I have been known to say (many times): "Here!  Read this!  I loved it.  Read it!"  Never mind the fact that I don't provide a preview stack or allow any choice.  I just shoved a favorite book of mine into the hands of a reader without a reason why beyond my feelings book love.  However, "we cannot let our personal reading preferences become biases that limit students' reading" (p.167).  Yikes!  This is an easy trap to fall into!  (And I'm guilty of it!!!)

SOLUTION: Continue to read widely because "reading advisors ... know a lot about books that appeal to all types of readers" (p.167).

Conversations with students need to also include discussions about reading preferences and knowing that our preferences can change over the course of a year and a lifetime of reading.
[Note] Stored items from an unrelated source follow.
(* Let $(\Omega,\mathcal{F},(\mathcal{F}_t)_{t\in[0,T]},\mathbb{P})$ be a filtered probability space with right-continuous filtration and trivial $\mathcal{F}_0$, on which every local martingale is continuous, and which supports an $(\mathcal{F}_t)$-Brownian motion $W$. Let $\xi=\int_0^T\sigma_u\,dW_u$ for a bounded progressively measurable process $\sigma$. Then for each $p\in[1,2)$ there exists an $(\mathcal{F}_t)$-predictable process $\beta$ with $\mathbb{E}\big[\int_0^T|\beta_u|^p\,du\big]<\infty$ and $\int_0^T\beta_u\,du=\xi$ a.s. *)

theory Defs
  imports "HOL-Probability.Probability"
begin

text \<open>Continuous-time stochastic calculus on the horizon [0,T].
  The filtration is a family F :: real => 'a measure; only the sets of F t matter.\<close>

definition filtered_prob_space :: "'a measure \<Rightarrow> (real \<Rightarrow> 'a measure) \<Rightarrow> real \<Rightarrow> bool" where
  "filtered_prob_space M F T \<longleftrightarrow> prob_space M \<and>
     (\<forall>t\<in>{0..T}. space (F t) = space M \<and> sets (F t) \<subseteq> sets M) \<and>
     (\<forall>s t. 0 \<le> s \<longrightarrow> s \<le> t \<longrightarrow> t \<le> T \<longrightarrow> sets (F s) \<subseteq> sets (F t))"

definition right_continuous_filtration :: "(real \<Rightarrow> 'a measure) \<Rightarrow> real \<Rightarrow> bool" where
  "right_continuous_filtration F T \<longleftrightarrow>
     (\<forall>t\<in>{0..<T}. sets (F t) = (\<Inter>s\<in>{t<..T}. sets (F s)))"

definition trivial_initial :: "'a measure \<Rightarrow> (real \<Rightarrow> 'a measure) \<Rightarrow> bool" where
  "trivial_initial M F \<longleftrightarrow> (\<forall>A\<in>sets (F 0). measure M A = 0 \<or> measure M A = 1)"

definition adapted :: "(real \<Rightarrow> 'a measure) \<Rightarrow> real \<Rightarrow> (real \<Rightarrow> 'a \<Rightarrow> real) \<Rightarrow> bool" where
  "adapted F T X \<longleftrightarrow> (\<forall>t\<in>{0..T}. X t \<in> borel_measurable (F t))"

definition is_stopping_time :: "'a measure \<Rightarrow> (real \<Rightarrow> 'a measure) \<Rightarrow> real \<Rightarrow> ('a \<Rightarrow> real) \<Rightarrow> bool" where
  "is_stopping_time M F T \<tau> \<longleftrightarrow> (\<forall>\<omega>\<in>space M. 0 \<le> \<tau> \<omega> \<and> \<tau> \<omega> \<le> T) \<and>
     (\<forall>t\<in>{0..T}. {\<omega>\<in>space M. \<tau> \<omega> \<le> t} \<in> sets (F t))"

definition martingale :: "'a measure \<Rightarrow> (real \<Rightarrow> 'a measure) \<Rightarrow> real \<Rightarrow> (real \<Rightarrow> 'a \<Rightarrow> real) \<Rightarrow> bool" where
  "martingale M F T X \<longleftrightarrow> adapted F T X \<and> (\<forall>t\<in>{0..T}. integrable M (X t)) \<and>
     (\<forall>s t. 0 \<le> s \<longrightarrow> s \<le> t \<longrightarrow> t \<le> T \<longrightarrow>
        (AE \<omega> in M. real_cond_exp M (F s) (X t) \<omega> = X s \<omega>))"

definition local_martingale :: "'a measure \<Rightarrow> (real \<Rightarrow> 'a measure) \<Rightarrow> real \<Rightarrow> (real \<Rightarrow> 'a \<Rightarrow> real) \<Rightarrow> bool" where
  "local_martingale M F T X \<longleftrightarrow> adapted F T X \<and>
     (\<exists>\<tau> :: nat \<Rightarrow> 'a \<Rightarrow> real. (\<forall>n. is_stopping_time M F T (\<tau> n)) \<and>
        (\<forall>n. \<forall>\<omega>\<in>space M. \<tau> n \<omega> \<le> \<tau> (Suc n) \<omega>) \<and>
        (AE \<omega> in M. \<exists>n. \<tau> n \<omega> = T) \<and>
        (\<forall>n. martingale M F T (\<lambda>t \<omega>. X (min t (\<tau> n \<omega>)) \<omega>)))"
text \<open>Both sides of the conclusion are inverses of \<open>P T Q = P' T Q'\<close>.\<close>
lemma conj_eq_imp_conj_inverse_eq:
  fixes P Q P' Q' T T' :: "'a::semiring_1 mat"
  assumes carrier: "P \<in> carrier_mat n n" "Q \<in> carrier_mat n n" "P' \<in> carrier_mat n n"
      "Q' \<in> carrier_mat n n" "T \<in> carrier_mat n n" "T' \<in> carrier_mat n n"
    and inv: "P * Q = 1\<^sub>m n" "Q * P = 1\<^sub>m n" "P' * Q' = 1\<^sub>m n" "Q' * P' = 1\<^sub>m n"
      "T * T' = 1\<^sub>m n" "T' * T = 1\<^sub>m n"
    and eq: "P * T * Q = P' * T * Q'"
  shows "P * T' * Q = P' * T' * Q'"
proof (rule inverse_mat_unique)
  have "P * T * Q * (P * T' * Q) = P * (T * (Q * P) * T') * Q" using carrier by (simp add: square_mat_simps)
  then show "P * T * Q * (P * T' * Q) = 1\<^sub>m n" using carrier inv by (simp add: square_mat_simps)
  have "P' * T' * Q' * (P' * T * Q') = P' * (T' * (Q' * P') * T) * Q'" using carrier by (simp add: square_mat_simps)
  then show "P' * T' * Q' * (P * T * Q) = 1\<^sub>m n" using carrier inv eq by (simp add: square_mat_simps)
qed (use carrier in auto)

definition mat3 :: "complex \<Rightarrow> complex \<Rightarrow> complex \<Rightarrow> complex \<Rightarrow> complex \<Rightarrow> complex \<Rightarrow>
    complex \<Rightarrow> complex \<Rightarrow> complex \<Rightarrow> complex mat" where
  "mat3 a b c d e f g h k = mat 3 3 (\<lambda>(i,j).
     if i = 0 then (if j = 0 then a else if j = 1 then b else c)
     else if i = 1 then (if j = 0 then d else if j = 1 then e else f)
     else (if j = 0 then g else if j = 1 then h else k))"
lemma sum_swap_le:
  fixes F G :: "'a \<Rightarrow> 'a \<Rightarrow> 'b::linordered_ab_group_add"
  assumes "finite R" and sym: "\<And>x y. (x, y) \<in> R \<Longrightarrow> (y, x) \<in> R"
    and pair: "\<And>x y. (x, y) \<in> R \<Longrightarrow> F x y + F y x \<le> G x y + G y x"
  shows "(\<Sum>(x, y)\<in>R. F x y) \<le> (\<Sum>(x, y)\<in>R. G x y)"
proof -
  have swap: "(\<Sum>(x, y)\<in>R. H y x) = (\<Sum>(x, y)\<in>R. H x y)" for H :: "'a \<Rightarrow> 'a \<Rightarrow> 'b"
    by (rule sum.reindex_bij_witness[of _ prod.swap prod.swap]) (auto intro: sym)
  have "(\<Sum>(x, y)\<in>R. F x y) + (\<Sum>(x, y)\<in>R. F x y) = (\<Sum>(x, y)\<in>R. F x y) + (\<Sum>(x, y)\<in>R. F y x)"
    by (simp add: swap[of F])
  also have "\<dots> = (\<Sum>(x, y)\<in>R. F x y + F y x)"
    by (simp add: split_def sum.distrib)
  also have "\<dots> \<le> (\<Sum>(x, y)\<in>R. G x y + G y x)"
    using pair by (intro sum_mono) auto
  also have "\<dots> = (\<Sum>(x, y)\<in>R. G x y) + (\<Sum>(x, y)\<in>R. G y x)"
    by (simp add: split_def sum.distrib)
  also have "\<dots> = (\<Sum>(x, y)\<in>R. G x y) + (\<Sum>(x, y)\<in>R. G x y)"
    by (simp add: swap[of G])
  finally have double: "(\<Sum>(x, y)\<in>R. F x y) + (\<Sum>(x, y)\<in>R. F x y)
      \<le> (\<Sum>(x, y)\<in>R. G x y) + (\<Sum>(x, y)\<in>R. G x y)" .
  show ?thesis
  proof (rule ccontr)
    assume "\<not> ?thesis"
    then have "(\<Sum>(x, y)\<in>R. G x y) + (\<Sum>(x, y)\<in>R. G x y)
        < (\<Sum>(x, y)\<in>R. F x y) + (\<Sum>(x, y)\<in>R. F x y)"
      by (intro add_strict_mono) auto
    with double show False by simp
  qed
qed

lemma sum_Sigma_extend:
  assumes "finite D" "finite S" "\<And>x. x \<in> S \<Longrightarrow> finite (T x)" "Sigma S T \<subseteq> D"
    and "\<And>x y. (x, y) \<in> D - Sigma S T \<Longrightarrow> F x y = 0"
  shows "(\<Sum>x\<in>S. \<Sum>y\<in>T x. F x y) = (\<Sum>(x, y)\<in>D. F x y)"
proof -
  have "(\<Sum>x\<in>S. \<Sum>y\<in>T x. F x y) = (\<Sum>(x, y)\<in>Sigma S T. F x y)"
    by (rule sum.Sigma) (use assms(2,3) in auto)
  also have "\<dots> = (\<Sum>(x, y)\<in>D. F x y)"
    using assms(1,4,5) by (intro sum.mono_neutral_left) auto
  finally show ?thesis .
qed

section \<open>Weighted graphs\<close>

abbreviation nbrs :: "(nat \<Rightarrow> nat \<Rightarrow> real) \<Rightarrow> nat \<Rightarrow> nat set"
  where "nbrs \<mu> x \<equiv> {y. adj \<mu> x y}"

lemma weighted_graph_nonneg: "weighted_graph V \<mu> \<Longrightarrow> 0 \<le> \<mu> x y"
  by (simp add: weighted_graph_def)

lemma weighted_graph_sym: "weighted_graph V \<mu> \<Longrightarrow> \<mu> x y = \<mu> y x"
  by (simp add: weighted_graph_def)

lemma weighted_graph_adj_sym: "weighted_graph V \<mu> \<Longrightarrow> adj \<mu> x y \<Longrightarrow> adj \<mu> y x"
  by (simp add: adj_def weighted_graph_def)

lemma weighted_graph_adjD: "weighted_graph V \<mu> \<Longrightarrow> adj \<mu> x y \<Longrightarrow> x \<in> V \<and> y \<in> V"
  by (simp add: weighted_graph_def)
lemma pointwise_closure_of_subset_Cp:
  assumes tight: "countable_tightness X"
    and A: "relatively_countably_compact (Cp X) A" "A \<subseteq> topspace (Cp X)"
  shows "pointwise_topology (topspace X) closure_of A \<subseteq> topspace (Cp X)"
proof
  fix g assume g: "g \<in> pointwise_topology (topspace X) closure_of A"
  have "continuous_map X euclideanreal g"
  proof (rule ccontr)
    assume "\<not> continuous_map X euclideanreal g"
    then obtain e C where "e > 0" "countable C" "C \<subseteq> topspace X" "p \<in> X closure_of C"
      and far: "\<And>y. y \<in> C \<Longrightarrow> \<bar>g y - g p\<bar> \<ge> e"
      using discontinuity_witnessed_countably[OF tight] by blast
    then have D: "countable (insert p C)" "insert p C \<subseteq> topspace X"
      using point_in_topspace by auto
    obtain fs where fs: "range fs \<subseteq> A" "\<And>j. j \<in> insert p C \<Longrightarrow> (\<lambda>n. fs n j) \<longlonglongrightarrow> g j"
      using closure_of_pointwise_sequence_on_countable[OF g D] by blast
    obtain h where h: "h \<in> topspace (Cp X)"
      "\<And>j d. j \<in> topspace X \<Longrightarrow> d > 0 \<Longrightarrow> \<exists>\<^sub>F n in sequentially. \<bar>fs n j - h j\<bar> < d"
      using relatively_countably_compact_Cp_cluster[OF A fs(1)] by blast
    have hg: "h j = g j" if "j \<in> insert p C" for j
      by (rule limit_eq_cluster_value[OF fs(2)[OF that]]) (use h(2) D(2) that in blast)
    have "continuous_map X euclideanreal h"
      using h(1) by (simp add: topspace_Cp)
    then obtain U where "openin X U" "p \<in> U" "\<forall>y\<in>U. \<bar>h y - h p\<bar> < e"
      using \<open>e > 0\<close> continuous_map_iff_near_point by blast
    then obtain y where "y \<in> C" "\<bar>h y - h p\<bar> < e"
      using \<open>p \<in> X closure_of C\<close> unfolding in_closure_of by blast
    with far hg show False
      by fastforce
  qed
  moreover have "g \<in> extensional (topspace X)"
    using g by (simp add: in_closure_of PiE_def)
  ultimately show "g \<in> topspace (Cp X)"
    by (simp add: topspace_Cp)
qed

theorem g_space_Cp_if_countable_tightness:
  assumes "countable_tightness X"
  shows "g_space (Cp X)"
  unfolding g_space_iff_relatively_countably_compact
proof (intro allI impI)
  fix A assume A: "A \<subseteq> topspace (Cp X)" "relatively_countably_compact (Cp X) A"
  have closure: "pointwise_topology (topspace X) closure_of A \<subseteq> topspace (Cp X)"
    using pointwise_closure_of_subset_Cp[OF assms A(2,1)] .
  have "compactin (pointwise_topology (topspace X)) (pointwise_topology (topspace X) closure_of A)"
    using A topspace_Cp_subset
    by (intro compactin_closure_of_pointwise_bounded relatively_countably_compact_Cp_pointwise_bounded)
       auto
  with closure show "compactin (Cp X) (Cp X closure_of A)"
    unfolding closure_of_Cp_eq_pointwise[OF A(1) closure]
    by (subst Cp_eq_subtopology) (simp add: compactin_subtopology)
qed

lemma finite_indicators_relatively_countably_compact:
  assumes far: "\<And>B. B \<subseteq> A \<Longrightarrow> countable B \<Longrightarrow> p \<notin> X closure_of B"
  shows "relatively_countably_compact (Cp X)
           {restrict (indicator F) (topspace X) :: 'a \<Rightarrow> real | F. finite F \<and> F \<subseteq> A}"
  unfolding relatively_countably_compact_def
proof (intro allI impI)
  fix B :: "('a \<Rightarrow> real) set"
  assume B: "B \<subseteq> {restrict (indicator F) (topspace X) | F. finite F \<and> F \<subseteq> A}" "infinite B"
  obtain f :: "nat \<Rightarrow> _" where f: "inj f" "range f \<subseteq> B"
    using infinite_countable_subset[of B] B by auto
  have "\<forall>n. \<exists>F. f n = restrict (indicator F) (topspace X) \<and> finite F \<and> F \<subseteq> A"
    using B f(2) by blast
  then obtain F where F: "\<And>n. f n = restrict (indicator (F n)) (topspace X)"
    "\<And>n. finite (F n)" "\<And>n. F n \<subseteq> A"
    unfolding choice_iff by blast
  define C where "C = (\<Union>n. F n)"
  define Z where "Z = PiE (topspace X) (\<lambda>y. if y \<in> C then {0, 1} else {0::real})"
  have "countable C" "C \<subseteq> A"
    using F by (auto simp: C_def countable_finite)
  have "compactin (pointwise_topology (topspace X)) Z"
    by (simp add: Z_def compactin_PiE finite_imp_compact)
  moreover have "Z \<subseteq> topspace (Cp X)"
    unfolding Z_def using far \<open>countable C\<close> \<open>C \<subseteq> A\<close> by (intro Cp_contains_supported_off_point) blast
  moreover have "range f \<subseteq> Z"
    using F by (auto simp: Z_def C_def indicator_def PiE_def)
  moreover have "infinite (range f)"
    using f(1) range_inj_infinite by blast
  ultimately have "Cp X derived_set_of range f \<noteq> {}"
    by (rule derived_set_of_Cp_nonempty_if_compact)
  then show "Cp X derived_set_of B \<noteq> {}"
    using derived_set_of_mono[OF f(2)] by blast
qed

lemma point_in_closure_of_countable_if_g_space_Cp:
  assumes g_space: "g_space (Cp X)" and A: "A \<subseteq> topspace X" "p \<in> X closure_of A"
  shows "\<exists>B\<subseteq>A. countable B \<and> p \<in> X closure_of B"
proof (rule ccontr)
  assume "\<not> ?thesis"
  then have far: "\<And>B. B \<subseteq> A \<Longrightarrow> countable B \<Longrightarrow> p \<notin> X closure_of B"
    by blast
  define S where "S = {restrict (indicator F) (topspace X) :: 'a \<Rightarrow> real | F. finite F \<and> F \<subseteq> A}"
  define ind where "ind = (restrict (indicator A) (topspace X) :: 'a \<Rightarrow> real)"
  have S: "S \<subseteq> topspace (Cp X)"
  proof
    fix f assume "f \<in> S"
    then obtain F where F: "f = restrict (indicator F) (topspace X)" "finite F" "F \<subseteq> A"
      by (auto simp: S_def)
    have "f \<in> PiE (topspace X) (\<lambda>y. if y \<in> F then {0, 1} else {0::real})"
      using F(1) by (auto simp: indicator_def)
    then show "f \<in> topspace (Cp X)"
      using Cp_contains_supported_off_point[OF far[OF F(3) countable_finite[OF F(2)]]] by blast
  qed
  have "relatively_countably_compact (Cp X) S"
    unfolding S_def using far by (rule finite_indicators_relatively_countably_compact)
  then have "compactin (Cp X) (Cp X closure_of S)"
    using g_space S unfolding g_space_iff_relatively_countably_compact by blast
  then have "pointwise_topology (topspace X) closure_of S \<subseteq> topspace (Cp X)"
    using S by (rule pointwise_closure_of_subset_Cp_if_compact)
  then have "ind \<in> topspace (Cp X)"
    using indicator_in_closure_of_finite_indicators[OF A(1)] by (auto simp: S_def ind_def)
  then have "continuous_map X euclideanreal ind"
    by (simp add: topspace_Cp)
  then obtain U where U: "openin X U" "p \<in> U" "\<forall>y\<in>U. \<bar>ind y - ind p\<bar> < 1"
    unfolding continuous_map_iff_near_point using zero_less_one by blast
  obtain y where y: "y \<in> A" "y \<in> U"
    using A(2) U(1,2) unfolding in_closure_of by blast
  have "p \<notin> A"
    using far[of "{p}"] closure_of_subset[of "{p}" X] point_in_topspace by auto
  then have "ind y - ind p = 1"
    using y(1) A(1) point_in_topspace by (auto simp: ind_def)
  with U(3) y(2) show False
    by fastforce
qed

theorem countable_tightness_if_g_space_Cp:
  assumes "g_space (Cp X)"
  shows "countable_tightness X"
  unfolding countable_tightness_def
proof (intro allI impI ballI)
  fix A x assume A: "A \<subseteq> topspace X" and x: "x \<in> X closure_of A"
  show "\<exists>B\<subseteq>A. countable B \<and> x \<in> X closure_of B"
  proof (cases "x = p")
    case True
    then show ?thesis
      using point_in_closure_of_countable_if_g_space_Cp[OF assms A] x by blast
  next
    case False
    have "x \<in> topspace X"
      using x by (simp add: in_closure_of)
    then have "x \<in> A"
      using x isolated[OF _ False] unfolding in_closure_of by blast
    then show ?thesis
      using A closure_of_subset[of "{x}" X] \<open>x \<in> topspace X\<close> by blast
  qed
qed

end

theorem corollary2:
  fixes X :: "'a topology"
  assumes "tychonoff_space X" and "almost_discrete X"
  shows "weakly_Grothendieck X \<longleftrightarrow> countable_tightness X"
proof -
  obtain p where "p \<in> topspace X" "\<And>y. y \<in> topspace X \<Longrightarrow> y \<noteq> p \<Longrightarrow> openin X {y}"
    using assms(2) unfolding almost_discrete_def by blast
  then interpret isolated_except X p
    by unfold_locales
  show ?thesis
    unfolding weakly_Grothendieck_def
    using g_space_Cp_if_countable_tightness countable_tightness_if_g_space_Cp by blast
qed
(* Let $\mathbf{x}_1,\ldots,\mathbf{x}_n\in\mathbb{R}^d$ be nonzero column vectors and $y_1,\ldots,y_n\in\mathbb{R}$. Let $\mathbf{T}\in\mathbb{R}^{n\times n}$ be the upper triangular matrix with $\mathbf{T}_{ik}=\mathbf{x}_i^\top\mathbf{x}_k$ for $i\le k$ and $0$ otherwise, let $\mathbf{a}^*=(a_1^*,\ldots,a_n^* )$ be the unique row vector with $(y_1,\ldots,y_n)=\mathbf{a}^*\mathbf{T}$, and set $\mathbf{w}_j^*=\sum_{i=1}^j a_i^*\mathbf{x}_i^\top\in\mathbb{R}^{1\times d}$ for $j=1,\ldots,n$. For $j=1,\ldots,n-1$ define the online loss $L_j(\mathbf{w})=\frac12(\mathbf{w}\mathbf{x}_{j+1}-y_{j+1})^2$, with gradient $\nabla_{\mathbf{w}}L_j(\mathbf{w})=(\mathbf{w}\mathbf{x}_{j+1}-y_{j+1})\mathbf{x}_{j+1}^\top$. Then for every $j=1,\ldots,n-1$, $$\mathbf{w}_{j+1}^*=\mathbf{w}_j^*-\frac{1}{\|\mathbf{x}_{j+1}\|_2^2}\nabla_{\mathbf{w}}L_j(\mathbf{w}_j^* ).$$
   Context: Weight vectors are $1\times d$ row vectors and inputs are $d\times 1$ column vectors. The vectors $\mathbf{w}_j^*$ are the stationary points of the per-position weight iteration $\mathbf{w}_j^{(l)}=\mathbf{w}_j^{(l-1)}+\frac{\eta}{n}\sum_{i=1}^j(y_i-\mathbf{w}_i^{(l-1)}\mathbf{x}_i)\mathbf{x}_i^\top$ (with $\mathbf{w}_j^{(0)}=0$) associated with a multi-layer causal linear self-attention in-context learner. *)

theory Defs
  imports "HOL-Analysis.Analysis"
begin

(* Vectors in R^d are modelled as real^'d (row and column vectors identified);
   the data x_1..x_n, y_1..y_n are sequences indexed by nat, used on {1..n}. *)

definition Tmat :: "(nat \<Rightarrow> real^'d) \<Rightarrow> nat \<Rightarrow> nat \<Rightarrow> real" where
  "Tmat x i k = (if i \<le> k then x i \<bullet> x k else 0)"

definition wstar :: "(nat \<Rightarrow> real) \<Rightarrow> (nat \<Rightarrow> real^'d) \<Rightarrow> nat \<Rightarrow> real^'d" where
  "wstar a x j = (\<Sum>i=1..j. a i *\<^sub>R x i)"

definition online_loss :: "(nat \<Rightarrow> real^'d) \<Rightarrow> (nat \<Rightarrow> real) \<Rightarrow> nat \<Rightarrow> real^'d \<Rightarrow> real" where
  "online_loss x y j w = (1/2) * (w \<bullet> x (Suc j) - y (Suc j))^2"

definition online_grad :: "(nat \<Rightarrow> real^'d) \<Rightarrow> (nat \<Rightarrow> real) \<Rightarrow> nat \<Rightarrow> real^'d \<Rightarrow> real^'d" where
  "online_grad x y j w = (w \<bullet> x (Suc j) - y (Suc j)) *\<^sub>R x (Suc j)"

end

theory Submission
  imports Defs
begin

text \<open>Column k of the equation y = a* T, with T upper triangular, reads
  y_k = w*_k x_k. Since w*_{j+1} - w*_j = a*_{j+1} x_{j+1} is parallel to x_{j+1}, the
  point w*_{j+1} is reached from w*_j by the step along x_{j+1} that solves the single
  linear equation w x_{j+1} = y_{j+1} exactly, i.e. a normalized gradient step on L_j.\<close>

lemma step_along_direction_eq_normalized_gradient_step:
  fixes w v :: "'a::real_inner"
  assumes "v \<noteq> 0"
  shows "w + c *\<^sub>R v = w - (1 / (norm v)\<^sup>2) *\<^sub>R ((w \<bullet> v - (w + c *\<^sub>R v) \<bullet> v) *\<^sub>R v)"
proof -
  have "w \<bullet> v - (w + c *\<^sub>R v) \<bullet> v = - c * (norm v)\<^sup>2"
    by (simp add: inner_add_left power2_norm_eq_inner)
  with assms show ?thesis
    by simp
qed

lemma wstar_Suc: "wstar a x (Suc j) = wstar a x j + a (Suc j) *\<^sub>R x (Suc j)"
  by (simp add: wstar_def)

lemma column_sum_Tmat_eq_wstar_inner:
  assumes "k \<le> n"
  shows "(\<Sum>i=1..n. a i * Tmat x i k) = wstar a x k \<bullet> x k"
proof -
  have "(\<Sum>i=1..n. a i * Tmat x i k) = (\<Sum>i=1..k. a i * Tmat x i k)"
    by (rule sum.mono_neutral_right) (use assms in \<open>auto simp: Tmat_def\<close>)
  also have "\<dots> = (\<Sum>i=1..k. a i * (x i \<bullet> x k))"
    by (rule sum.cong) (auto simp: Tmat_def)
  also have "\<dots> = wstar a x k \<bullet> x k"
    by (simp add: wstar_def inner_sum_left)
  finally show ?thesis .
qed

theorem proposition5:
  fixes x :: "nat \<Rightarrow> real^'d" and y :: "nat \<Rightarrow> real" and a :: "nat \<Rightarrow> real" and n :: nat
  assumes nz: "\<And>i. i \<in> {1..n} \<Longrightarrow> x i \<noteq> 0"
    and astar: "\<And>k. k \<in> {1..n} \<Longrightarrow> y k = (\<Sum>i=1..n. a i * Tmat x i k)"
  shows "\<forall>j\<in>{1..n-1}. wstar a x (Suc j) =
           wstar a x j - (1 / (norm (x (Suc j)))\<^sup>2) *\<^sub>R online_grad x y j (wstar a x j)"
proof
  fix j assume "j \<in> {1..n-1}"
  then have k: "Suc j \<in> {1..n}" by auto
  have "y (Suc j) = wstar a x (Suc j) \<bullet> x (Suc j)"
    using astar[OF k] column_sum_Tmat_eq_wstar_inner k by simp
  then show "wstar a x (Suc j) =
           wstar a x j - (1 / (norm (x (Suc j)))\<^sup>2) *\<^sub>R online_grad x y j (wstar a x j)"
    unfolding online_grad_def wstar_Suc
    using step_along_direction_eq_normalized_gradient_step[OF nz[OF k]] by simp
qed

end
This was a big aha: "Asking students to examine and share their reading preferences created a reflective opportunity that celebrated their reading accomplishments and growth" (p.166).  I can honestly say that I have never looked deeply at preferences before -- I'm usually just happy that my developing readers are reading!   

But talking, determining preferences, and being explicit about what readers prefer needs to be known by the reader too.  I think most developing readers have little knowledge about what they like and why or what they prefer to read.  However, "preferences are not always informed opinions" (p.167).  Yes, so true.  The majority of my reading conversations with developing readers are very similar to the vague generalizations examples provided (p.167-168).  I believed the readers to be reading, but in reality, these preferences really told me my students' haven't read much.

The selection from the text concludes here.